━━━━━ Supplied material ━━━━━

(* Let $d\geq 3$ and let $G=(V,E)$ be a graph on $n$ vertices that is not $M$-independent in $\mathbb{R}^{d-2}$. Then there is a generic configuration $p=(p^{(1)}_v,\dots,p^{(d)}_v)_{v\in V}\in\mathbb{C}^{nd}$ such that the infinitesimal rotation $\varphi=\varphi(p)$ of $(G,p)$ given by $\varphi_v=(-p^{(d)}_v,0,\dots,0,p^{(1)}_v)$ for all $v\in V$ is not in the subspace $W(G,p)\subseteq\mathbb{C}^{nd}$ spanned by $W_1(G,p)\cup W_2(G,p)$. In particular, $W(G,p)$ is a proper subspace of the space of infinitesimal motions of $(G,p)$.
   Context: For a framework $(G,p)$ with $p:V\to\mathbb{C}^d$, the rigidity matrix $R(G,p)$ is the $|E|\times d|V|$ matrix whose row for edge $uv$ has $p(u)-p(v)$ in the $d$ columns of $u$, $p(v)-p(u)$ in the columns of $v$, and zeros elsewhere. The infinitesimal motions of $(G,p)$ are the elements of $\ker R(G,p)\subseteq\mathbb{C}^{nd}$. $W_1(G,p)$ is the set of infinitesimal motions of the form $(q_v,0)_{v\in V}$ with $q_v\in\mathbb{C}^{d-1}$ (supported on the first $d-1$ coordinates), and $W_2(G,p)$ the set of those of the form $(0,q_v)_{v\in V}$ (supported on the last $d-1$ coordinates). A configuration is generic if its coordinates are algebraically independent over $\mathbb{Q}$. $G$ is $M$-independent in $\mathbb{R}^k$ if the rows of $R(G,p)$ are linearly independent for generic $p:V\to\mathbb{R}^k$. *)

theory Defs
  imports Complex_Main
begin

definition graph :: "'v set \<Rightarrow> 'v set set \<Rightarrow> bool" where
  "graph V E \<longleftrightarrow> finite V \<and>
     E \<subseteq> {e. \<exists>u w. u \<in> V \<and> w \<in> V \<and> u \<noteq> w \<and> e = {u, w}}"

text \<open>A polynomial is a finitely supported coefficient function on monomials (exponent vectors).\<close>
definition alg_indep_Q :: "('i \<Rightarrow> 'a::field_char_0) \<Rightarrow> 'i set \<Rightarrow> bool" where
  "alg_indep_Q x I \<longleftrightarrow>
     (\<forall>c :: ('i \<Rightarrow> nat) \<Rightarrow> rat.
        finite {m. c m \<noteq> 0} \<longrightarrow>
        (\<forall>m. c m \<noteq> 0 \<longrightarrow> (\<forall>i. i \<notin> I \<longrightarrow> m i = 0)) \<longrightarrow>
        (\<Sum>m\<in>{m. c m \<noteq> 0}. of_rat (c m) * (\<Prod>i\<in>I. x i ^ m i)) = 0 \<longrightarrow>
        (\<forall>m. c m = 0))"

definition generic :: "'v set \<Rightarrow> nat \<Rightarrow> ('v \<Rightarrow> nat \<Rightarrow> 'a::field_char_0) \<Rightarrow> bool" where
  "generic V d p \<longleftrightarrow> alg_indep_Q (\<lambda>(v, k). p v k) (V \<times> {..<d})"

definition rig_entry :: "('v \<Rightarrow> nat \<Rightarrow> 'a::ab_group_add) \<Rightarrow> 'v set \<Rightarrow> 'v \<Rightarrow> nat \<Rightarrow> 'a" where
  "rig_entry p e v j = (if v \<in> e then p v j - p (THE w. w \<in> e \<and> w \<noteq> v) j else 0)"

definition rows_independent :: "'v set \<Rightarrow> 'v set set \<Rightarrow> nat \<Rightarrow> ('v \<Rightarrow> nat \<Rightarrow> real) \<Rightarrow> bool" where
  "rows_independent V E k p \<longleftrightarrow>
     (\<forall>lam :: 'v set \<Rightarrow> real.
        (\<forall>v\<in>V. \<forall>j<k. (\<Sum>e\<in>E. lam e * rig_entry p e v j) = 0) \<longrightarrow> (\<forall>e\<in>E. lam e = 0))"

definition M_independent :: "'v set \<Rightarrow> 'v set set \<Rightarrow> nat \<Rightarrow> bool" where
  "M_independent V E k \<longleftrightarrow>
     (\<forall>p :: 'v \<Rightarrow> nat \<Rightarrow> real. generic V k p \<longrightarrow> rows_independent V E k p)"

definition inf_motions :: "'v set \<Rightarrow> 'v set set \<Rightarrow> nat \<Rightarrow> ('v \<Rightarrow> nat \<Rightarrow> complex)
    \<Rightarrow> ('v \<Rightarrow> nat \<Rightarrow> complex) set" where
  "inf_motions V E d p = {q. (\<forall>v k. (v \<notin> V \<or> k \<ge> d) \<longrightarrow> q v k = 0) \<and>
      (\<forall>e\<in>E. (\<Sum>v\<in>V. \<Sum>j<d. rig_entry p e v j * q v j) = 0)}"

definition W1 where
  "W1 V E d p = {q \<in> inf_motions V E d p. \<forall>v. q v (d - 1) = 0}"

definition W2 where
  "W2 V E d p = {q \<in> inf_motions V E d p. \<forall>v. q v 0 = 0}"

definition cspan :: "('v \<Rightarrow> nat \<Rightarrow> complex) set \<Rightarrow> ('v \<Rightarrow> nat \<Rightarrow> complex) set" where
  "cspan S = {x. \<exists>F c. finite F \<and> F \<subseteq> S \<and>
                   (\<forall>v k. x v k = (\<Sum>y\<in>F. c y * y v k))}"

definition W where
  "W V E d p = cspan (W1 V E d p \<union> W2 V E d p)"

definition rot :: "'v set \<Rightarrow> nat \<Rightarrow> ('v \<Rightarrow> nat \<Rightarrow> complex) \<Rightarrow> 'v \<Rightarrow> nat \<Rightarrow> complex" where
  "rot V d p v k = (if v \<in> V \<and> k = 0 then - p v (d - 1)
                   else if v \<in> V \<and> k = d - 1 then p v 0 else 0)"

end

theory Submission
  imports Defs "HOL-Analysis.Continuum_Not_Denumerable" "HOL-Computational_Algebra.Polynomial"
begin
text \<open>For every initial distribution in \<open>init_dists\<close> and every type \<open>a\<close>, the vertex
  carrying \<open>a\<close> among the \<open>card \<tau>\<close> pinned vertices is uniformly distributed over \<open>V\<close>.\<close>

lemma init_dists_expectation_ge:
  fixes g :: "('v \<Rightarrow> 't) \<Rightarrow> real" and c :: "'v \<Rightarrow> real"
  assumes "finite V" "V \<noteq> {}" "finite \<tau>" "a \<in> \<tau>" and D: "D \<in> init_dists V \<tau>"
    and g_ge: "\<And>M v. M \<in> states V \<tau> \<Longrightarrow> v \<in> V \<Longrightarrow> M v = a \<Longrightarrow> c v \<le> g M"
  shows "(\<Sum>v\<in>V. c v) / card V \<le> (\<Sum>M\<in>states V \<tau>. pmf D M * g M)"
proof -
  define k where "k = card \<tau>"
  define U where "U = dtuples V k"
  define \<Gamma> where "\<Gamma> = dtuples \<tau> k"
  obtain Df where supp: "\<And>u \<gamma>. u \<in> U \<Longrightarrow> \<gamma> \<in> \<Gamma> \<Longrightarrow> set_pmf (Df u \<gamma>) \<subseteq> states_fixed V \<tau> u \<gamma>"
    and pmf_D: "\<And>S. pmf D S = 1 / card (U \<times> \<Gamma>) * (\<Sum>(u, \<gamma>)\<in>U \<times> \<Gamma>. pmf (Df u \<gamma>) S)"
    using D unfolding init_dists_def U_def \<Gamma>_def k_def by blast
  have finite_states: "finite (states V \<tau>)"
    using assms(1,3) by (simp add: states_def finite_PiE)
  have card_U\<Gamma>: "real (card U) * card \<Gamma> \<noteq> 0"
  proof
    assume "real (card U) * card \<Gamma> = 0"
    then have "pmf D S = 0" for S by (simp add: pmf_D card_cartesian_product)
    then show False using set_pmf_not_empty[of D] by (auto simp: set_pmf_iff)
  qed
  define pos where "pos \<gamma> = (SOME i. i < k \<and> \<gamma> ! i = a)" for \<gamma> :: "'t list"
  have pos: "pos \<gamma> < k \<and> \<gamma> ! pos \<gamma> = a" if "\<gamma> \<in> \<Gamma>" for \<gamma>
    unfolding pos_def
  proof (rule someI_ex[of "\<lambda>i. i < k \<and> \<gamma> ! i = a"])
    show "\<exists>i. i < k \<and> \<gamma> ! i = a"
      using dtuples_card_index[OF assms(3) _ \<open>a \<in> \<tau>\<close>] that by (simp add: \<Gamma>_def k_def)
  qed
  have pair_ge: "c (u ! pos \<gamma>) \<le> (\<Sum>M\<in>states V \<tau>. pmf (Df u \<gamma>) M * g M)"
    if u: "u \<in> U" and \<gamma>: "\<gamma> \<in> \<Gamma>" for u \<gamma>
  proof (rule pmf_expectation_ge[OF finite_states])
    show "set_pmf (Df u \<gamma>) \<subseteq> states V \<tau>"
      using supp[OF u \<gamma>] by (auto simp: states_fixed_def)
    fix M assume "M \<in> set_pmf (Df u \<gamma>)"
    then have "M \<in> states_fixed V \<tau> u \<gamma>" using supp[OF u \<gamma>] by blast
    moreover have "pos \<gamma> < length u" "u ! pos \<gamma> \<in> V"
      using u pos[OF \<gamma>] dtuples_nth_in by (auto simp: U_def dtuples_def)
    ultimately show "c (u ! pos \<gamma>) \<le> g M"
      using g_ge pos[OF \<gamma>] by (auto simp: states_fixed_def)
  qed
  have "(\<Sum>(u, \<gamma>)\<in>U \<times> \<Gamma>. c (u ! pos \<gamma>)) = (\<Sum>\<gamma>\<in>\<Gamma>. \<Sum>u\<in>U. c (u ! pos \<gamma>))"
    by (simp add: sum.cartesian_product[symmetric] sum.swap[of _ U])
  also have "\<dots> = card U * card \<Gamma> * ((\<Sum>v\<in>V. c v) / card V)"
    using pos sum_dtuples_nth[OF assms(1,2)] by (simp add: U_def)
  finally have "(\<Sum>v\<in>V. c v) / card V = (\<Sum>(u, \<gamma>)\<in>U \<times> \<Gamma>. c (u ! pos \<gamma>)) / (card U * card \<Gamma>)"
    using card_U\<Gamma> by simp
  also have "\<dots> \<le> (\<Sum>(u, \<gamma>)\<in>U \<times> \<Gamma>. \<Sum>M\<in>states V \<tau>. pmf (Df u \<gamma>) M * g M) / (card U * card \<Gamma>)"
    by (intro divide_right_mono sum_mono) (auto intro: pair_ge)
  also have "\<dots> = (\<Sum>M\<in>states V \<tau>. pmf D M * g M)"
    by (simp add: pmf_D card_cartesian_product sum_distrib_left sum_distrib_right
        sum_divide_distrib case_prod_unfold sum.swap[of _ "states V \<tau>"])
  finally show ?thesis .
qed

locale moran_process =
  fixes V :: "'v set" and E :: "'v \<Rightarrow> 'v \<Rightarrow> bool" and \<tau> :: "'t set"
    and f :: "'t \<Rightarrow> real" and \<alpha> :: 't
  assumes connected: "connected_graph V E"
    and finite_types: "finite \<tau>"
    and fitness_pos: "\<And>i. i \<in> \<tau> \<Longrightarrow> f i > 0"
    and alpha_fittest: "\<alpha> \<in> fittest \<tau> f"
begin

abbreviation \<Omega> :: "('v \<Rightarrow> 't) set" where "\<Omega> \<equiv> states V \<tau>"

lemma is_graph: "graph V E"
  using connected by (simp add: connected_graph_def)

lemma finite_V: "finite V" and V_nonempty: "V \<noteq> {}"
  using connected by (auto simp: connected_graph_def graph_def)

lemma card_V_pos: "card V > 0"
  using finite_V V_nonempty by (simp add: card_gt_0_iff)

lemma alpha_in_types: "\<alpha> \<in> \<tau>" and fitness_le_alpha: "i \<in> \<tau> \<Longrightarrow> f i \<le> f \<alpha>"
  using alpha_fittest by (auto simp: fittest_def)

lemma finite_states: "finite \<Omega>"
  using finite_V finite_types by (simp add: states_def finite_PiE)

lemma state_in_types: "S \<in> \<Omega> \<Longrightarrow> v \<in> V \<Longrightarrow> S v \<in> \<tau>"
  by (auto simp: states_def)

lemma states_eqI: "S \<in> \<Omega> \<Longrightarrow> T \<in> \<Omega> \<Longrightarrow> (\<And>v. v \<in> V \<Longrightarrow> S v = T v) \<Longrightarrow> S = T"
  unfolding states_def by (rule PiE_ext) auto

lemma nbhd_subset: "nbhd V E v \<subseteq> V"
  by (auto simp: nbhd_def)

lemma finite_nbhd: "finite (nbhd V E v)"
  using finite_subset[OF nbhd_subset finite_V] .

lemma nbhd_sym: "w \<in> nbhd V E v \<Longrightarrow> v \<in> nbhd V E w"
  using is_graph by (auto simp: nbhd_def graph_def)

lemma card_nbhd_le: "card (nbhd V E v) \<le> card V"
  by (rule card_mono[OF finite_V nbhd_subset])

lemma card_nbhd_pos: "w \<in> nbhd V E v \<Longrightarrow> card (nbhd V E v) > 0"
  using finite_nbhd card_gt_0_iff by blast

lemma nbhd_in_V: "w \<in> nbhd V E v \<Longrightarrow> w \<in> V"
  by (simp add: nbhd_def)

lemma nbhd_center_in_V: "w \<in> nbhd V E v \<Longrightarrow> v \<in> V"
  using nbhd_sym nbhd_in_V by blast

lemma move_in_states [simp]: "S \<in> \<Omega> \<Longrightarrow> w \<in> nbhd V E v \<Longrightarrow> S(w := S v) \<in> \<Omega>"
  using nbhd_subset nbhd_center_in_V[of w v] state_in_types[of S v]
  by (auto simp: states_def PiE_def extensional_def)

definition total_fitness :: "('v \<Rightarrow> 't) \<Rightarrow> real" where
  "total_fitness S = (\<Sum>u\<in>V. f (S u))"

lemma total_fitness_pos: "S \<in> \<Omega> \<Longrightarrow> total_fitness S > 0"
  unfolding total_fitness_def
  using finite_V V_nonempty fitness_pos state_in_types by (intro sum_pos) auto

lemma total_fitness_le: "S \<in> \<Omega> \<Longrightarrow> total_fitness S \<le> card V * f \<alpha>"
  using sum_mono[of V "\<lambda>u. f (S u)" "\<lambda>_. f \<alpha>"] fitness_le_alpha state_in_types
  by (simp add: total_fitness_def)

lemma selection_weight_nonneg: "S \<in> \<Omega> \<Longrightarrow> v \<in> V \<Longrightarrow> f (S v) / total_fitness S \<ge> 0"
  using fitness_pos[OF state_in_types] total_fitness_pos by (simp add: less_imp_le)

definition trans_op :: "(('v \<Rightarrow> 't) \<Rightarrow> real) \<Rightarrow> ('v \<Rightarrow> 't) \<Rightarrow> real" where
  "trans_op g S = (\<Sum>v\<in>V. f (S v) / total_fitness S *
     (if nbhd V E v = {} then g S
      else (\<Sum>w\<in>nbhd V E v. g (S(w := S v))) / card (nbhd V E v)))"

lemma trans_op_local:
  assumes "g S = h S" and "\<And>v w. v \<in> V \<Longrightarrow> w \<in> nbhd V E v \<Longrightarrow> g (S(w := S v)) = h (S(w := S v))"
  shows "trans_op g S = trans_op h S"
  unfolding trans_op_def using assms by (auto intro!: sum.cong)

━━━━━
━━━━━ Supplied material ━━━━━

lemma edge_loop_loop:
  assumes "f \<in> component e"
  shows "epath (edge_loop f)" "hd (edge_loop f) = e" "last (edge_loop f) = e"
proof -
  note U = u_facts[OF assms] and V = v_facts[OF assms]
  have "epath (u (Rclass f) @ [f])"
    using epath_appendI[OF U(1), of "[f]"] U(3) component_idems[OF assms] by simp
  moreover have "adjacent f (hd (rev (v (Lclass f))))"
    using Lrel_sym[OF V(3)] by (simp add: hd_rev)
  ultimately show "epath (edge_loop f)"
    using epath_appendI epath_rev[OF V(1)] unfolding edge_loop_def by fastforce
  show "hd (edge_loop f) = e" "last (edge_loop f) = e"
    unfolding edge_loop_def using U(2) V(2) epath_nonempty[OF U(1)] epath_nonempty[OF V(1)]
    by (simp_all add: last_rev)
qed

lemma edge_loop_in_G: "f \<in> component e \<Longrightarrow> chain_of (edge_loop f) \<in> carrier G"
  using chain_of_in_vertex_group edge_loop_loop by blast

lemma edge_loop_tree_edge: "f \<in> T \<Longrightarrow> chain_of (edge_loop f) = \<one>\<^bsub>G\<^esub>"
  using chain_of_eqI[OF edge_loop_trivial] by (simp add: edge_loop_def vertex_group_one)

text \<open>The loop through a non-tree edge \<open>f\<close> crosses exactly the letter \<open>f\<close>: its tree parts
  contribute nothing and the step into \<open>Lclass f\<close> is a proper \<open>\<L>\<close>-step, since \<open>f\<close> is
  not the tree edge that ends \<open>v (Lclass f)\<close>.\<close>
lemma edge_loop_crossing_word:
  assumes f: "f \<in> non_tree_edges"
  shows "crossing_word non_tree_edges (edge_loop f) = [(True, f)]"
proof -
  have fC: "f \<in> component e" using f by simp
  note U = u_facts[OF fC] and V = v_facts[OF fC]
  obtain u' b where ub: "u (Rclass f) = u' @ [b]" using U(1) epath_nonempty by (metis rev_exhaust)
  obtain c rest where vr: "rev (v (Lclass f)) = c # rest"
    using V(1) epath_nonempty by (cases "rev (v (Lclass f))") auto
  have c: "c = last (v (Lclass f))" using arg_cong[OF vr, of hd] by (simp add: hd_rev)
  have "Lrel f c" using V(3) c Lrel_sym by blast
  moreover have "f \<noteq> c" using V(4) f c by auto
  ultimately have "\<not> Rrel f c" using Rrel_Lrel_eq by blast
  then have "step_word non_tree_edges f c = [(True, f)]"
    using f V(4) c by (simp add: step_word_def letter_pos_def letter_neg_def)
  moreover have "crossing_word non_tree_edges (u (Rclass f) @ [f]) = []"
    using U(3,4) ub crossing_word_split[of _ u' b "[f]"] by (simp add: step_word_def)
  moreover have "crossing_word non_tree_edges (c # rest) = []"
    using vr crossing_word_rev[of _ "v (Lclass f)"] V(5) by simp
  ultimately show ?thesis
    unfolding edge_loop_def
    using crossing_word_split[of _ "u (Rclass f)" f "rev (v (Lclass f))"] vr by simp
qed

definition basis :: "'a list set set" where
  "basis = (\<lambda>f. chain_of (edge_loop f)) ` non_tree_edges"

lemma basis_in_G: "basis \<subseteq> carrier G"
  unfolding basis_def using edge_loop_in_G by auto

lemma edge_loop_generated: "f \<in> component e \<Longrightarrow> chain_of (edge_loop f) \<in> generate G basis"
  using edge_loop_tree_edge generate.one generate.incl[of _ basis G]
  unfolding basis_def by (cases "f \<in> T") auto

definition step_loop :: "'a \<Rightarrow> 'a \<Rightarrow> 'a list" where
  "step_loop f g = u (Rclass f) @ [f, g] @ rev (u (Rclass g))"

━━━━━

Take from the material above the lines running from the one with "(\<Sum>\<gamma>\<in>\<Gamma>. \<Sum>u\<in>U. c" through the one with "card \<Gamma> *", and repeat them exactly, with nothing else.

  have "(\<Sum>(u, \<gamma>)\<in>U \<times> \<Gamma>. c (u ! pos \<gamma>)) = (\<Sum>\<gamma>\<in>\<Gamma>. \<Sum>u\<in>U. c (u ! pos \<gamma>))"
    by (simp add: sum.cartesian_product[symmetric] sum.swap[of _ U])
  also have "\<dots> = card U * card \<Gamma> * ((\<Sum>v\<in>V. c v) / card V)"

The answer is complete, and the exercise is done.